INSTRUCTIONS FOR THE TASK: Across the records that follow, determine how many lines contain "ultimately" and give only the resulting number.

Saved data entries
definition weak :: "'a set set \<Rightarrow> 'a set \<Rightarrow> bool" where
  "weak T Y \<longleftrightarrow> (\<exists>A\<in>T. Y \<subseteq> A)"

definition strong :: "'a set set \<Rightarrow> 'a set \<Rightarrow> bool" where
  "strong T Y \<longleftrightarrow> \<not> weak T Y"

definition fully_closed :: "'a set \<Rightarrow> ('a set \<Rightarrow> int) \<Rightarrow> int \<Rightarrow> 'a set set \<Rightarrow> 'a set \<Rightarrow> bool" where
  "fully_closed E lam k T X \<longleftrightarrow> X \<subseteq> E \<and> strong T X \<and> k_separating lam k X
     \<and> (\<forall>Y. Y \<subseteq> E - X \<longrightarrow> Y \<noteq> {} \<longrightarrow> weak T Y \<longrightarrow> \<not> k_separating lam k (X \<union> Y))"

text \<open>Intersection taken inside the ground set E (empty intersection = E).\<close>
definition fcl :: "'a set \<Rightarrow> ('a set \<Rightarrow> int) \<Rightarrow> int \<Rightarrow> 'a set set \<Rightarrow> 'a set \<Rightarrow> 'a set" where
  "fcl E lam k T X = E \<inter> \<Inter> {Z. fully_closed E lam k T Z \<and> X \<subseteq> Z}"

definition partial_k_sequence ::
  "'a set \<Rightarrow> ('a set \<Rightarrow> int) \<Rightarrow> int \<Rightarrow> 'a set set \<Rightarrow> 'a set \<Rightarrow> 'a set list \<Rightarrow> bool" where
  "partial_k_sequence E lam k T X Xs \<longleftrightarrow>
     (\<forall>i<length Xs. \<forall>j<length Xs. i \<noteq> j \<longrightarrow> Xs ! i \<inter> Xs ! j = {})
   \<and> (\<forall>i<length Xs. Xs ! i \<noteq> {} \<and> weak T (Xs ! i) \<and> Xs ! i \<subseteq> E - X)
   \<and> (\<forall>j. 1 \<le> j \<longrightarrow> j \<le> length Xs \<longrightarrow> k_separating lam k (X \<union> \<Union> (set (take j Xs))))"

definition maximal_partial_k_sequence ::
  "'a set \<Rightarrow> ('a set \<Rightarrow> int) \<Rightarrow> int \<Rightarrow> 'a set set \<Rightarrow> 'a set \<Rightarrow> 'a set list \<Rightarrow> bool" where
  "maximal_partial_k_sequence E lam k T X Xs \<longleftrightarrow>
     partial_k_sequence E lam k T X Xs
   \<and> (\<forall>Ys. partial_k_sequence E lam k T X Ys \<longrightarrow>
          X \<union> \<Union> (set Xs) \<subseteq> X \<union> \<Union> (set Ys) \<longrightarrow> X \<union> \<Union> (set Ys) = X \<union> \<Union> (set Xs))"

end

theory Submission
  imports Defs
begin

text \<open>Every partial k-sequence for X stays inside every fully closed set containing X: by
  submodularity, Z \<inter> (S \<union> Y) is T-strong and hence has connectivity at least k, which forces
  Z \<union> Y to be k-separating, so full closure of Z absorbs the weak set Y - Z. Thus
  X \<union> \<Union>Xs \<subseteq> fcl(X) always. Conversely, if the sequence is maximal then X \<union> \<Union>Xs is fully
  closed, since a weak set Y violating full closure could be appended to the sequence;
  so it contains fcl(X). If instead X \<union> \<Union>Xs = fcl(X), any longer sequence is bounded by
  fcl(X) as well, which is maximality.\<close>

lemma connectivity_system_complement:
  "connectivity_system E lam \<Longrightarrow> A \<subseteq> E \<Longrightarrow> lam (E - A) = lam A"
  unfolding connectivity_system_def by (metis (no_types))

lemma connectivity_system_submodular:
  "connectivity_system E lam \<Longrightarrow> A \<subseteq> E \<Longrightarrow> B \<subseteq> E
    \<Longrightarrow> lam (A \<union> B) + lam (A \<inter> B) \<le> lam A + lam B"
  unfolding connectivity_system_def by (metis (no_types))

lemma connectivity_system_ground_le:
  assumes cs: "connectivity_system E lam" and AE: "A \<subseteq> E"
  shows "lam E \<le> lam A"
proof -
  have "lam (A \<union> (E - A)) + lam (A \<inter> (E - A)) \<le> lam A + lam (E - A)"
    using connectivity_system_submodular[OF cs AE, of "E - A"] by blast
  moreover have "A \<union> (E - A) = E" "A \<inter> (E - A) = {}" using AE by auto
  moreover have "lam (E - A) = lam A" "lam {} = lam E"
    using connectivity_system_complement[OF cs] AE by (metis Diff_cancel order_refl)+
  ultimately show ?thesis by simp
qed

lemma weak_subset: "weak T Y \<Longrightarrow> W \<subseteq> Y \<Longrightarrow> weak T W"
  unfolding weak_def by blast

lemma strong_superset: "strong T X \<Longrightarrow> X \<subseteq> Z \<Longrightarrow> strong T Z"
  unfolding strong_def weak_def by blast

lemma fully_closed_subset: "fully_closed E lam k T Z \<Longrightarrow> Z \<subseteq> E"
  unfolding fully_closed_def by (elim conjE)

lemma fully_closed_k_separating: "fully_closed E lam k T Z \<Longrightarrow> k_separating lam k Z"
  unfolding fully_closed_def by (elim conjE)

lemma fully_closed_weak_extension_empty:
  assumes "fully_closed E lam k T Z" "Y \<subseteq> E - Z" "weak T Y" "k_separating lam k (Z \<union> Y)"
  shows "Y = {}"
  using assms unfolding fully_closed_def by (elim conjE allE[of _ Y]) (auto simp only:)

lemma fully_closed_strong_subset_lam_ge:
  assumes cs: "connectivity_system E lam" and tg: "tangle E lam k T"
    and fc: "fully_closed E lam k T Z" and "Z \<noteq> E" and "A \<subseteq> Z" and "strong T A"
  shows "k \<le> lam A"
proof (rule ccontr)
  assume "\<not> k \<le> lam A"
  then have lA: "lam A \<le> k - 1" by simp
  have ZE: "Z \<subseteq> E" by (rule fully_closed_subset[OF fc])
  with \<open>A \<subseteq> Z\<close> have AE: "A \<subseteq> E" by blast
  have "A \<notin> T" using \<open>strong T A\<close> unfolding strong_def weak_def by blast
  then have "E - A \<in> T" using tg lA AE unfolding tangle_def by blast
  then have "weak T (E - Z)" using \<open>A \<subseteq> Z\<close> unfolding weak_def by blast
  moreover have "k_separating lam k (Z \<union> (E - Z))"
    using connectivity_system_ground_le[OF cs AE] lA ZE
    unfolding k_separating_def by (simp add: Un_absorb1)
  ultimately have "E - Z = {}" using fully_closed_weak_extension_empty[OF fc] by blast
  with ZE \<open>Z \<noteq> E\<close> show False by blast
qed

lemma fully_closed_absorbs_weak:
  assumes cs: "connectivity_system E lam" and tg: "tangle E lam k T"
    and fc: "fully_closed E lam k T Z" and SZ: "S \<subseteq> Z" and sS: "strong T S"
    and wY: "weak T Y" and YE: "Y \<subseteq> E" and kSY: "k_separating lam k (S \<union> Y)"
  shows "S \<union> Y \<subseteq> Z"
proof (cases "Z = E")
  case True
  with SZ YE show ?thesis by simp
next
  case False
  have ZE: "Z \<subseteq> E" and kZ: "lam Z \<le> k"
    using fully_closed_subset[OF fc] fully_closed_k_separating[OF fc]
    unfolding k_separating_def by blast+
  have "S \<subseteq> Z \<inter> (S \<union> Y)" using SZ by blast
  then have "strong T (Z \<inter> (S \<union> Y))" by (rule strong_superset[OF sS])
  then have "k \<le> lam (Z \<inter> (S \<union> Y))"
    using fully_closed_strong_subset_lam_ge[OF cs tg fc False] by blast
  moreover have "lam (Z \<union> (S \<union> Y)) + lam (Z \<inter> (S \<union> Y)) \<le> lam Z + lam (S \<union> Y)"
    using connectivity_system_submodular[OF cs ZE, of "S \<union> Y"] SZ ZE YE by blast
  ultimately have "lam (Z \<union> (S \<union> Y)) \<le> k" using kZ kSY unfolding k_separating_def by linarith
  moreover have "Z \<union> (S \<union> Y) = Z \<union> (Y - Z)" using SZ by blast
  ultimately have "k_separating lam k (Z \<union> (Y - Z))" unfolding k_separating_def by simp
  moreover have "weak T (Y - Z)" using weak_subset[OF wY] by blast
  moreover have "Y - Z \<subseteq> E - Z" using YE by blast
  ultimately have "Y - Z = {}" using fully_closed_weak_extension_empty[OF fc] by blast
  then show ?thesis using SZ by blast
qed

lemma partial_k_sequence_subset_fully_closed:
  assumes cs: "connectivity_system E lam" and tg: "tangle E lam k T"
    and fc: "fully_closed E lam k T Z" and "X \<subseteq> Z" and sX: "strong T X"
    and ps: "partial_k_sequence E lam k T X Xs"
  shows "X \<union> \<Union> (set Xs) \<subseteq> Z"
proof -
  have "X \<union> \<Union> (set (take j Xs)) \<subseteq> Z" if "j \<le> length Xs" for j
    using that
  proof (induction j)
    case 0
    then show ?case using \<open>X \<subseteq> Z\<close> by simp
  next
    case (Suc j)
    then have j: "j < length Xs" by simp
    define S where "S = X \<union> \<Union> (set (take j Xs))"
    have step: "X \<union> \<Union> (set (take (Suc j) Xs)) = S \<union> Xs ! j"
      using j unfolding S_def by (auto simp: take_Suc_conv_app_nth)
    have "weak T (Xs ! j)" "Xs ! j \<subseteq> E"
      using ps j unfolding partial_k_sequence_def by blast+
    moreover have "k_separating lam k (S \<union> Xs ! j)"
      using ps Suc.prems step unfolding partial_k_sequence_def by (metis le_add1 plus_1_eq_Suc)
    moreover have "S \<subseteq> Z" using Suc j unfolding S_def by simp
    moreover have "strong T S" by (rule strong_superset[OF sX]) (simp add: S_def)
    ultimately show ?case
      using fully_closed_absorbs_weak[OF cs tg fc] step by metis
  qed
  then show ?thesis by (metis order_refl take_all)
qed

SOLVED EXERCISE: 6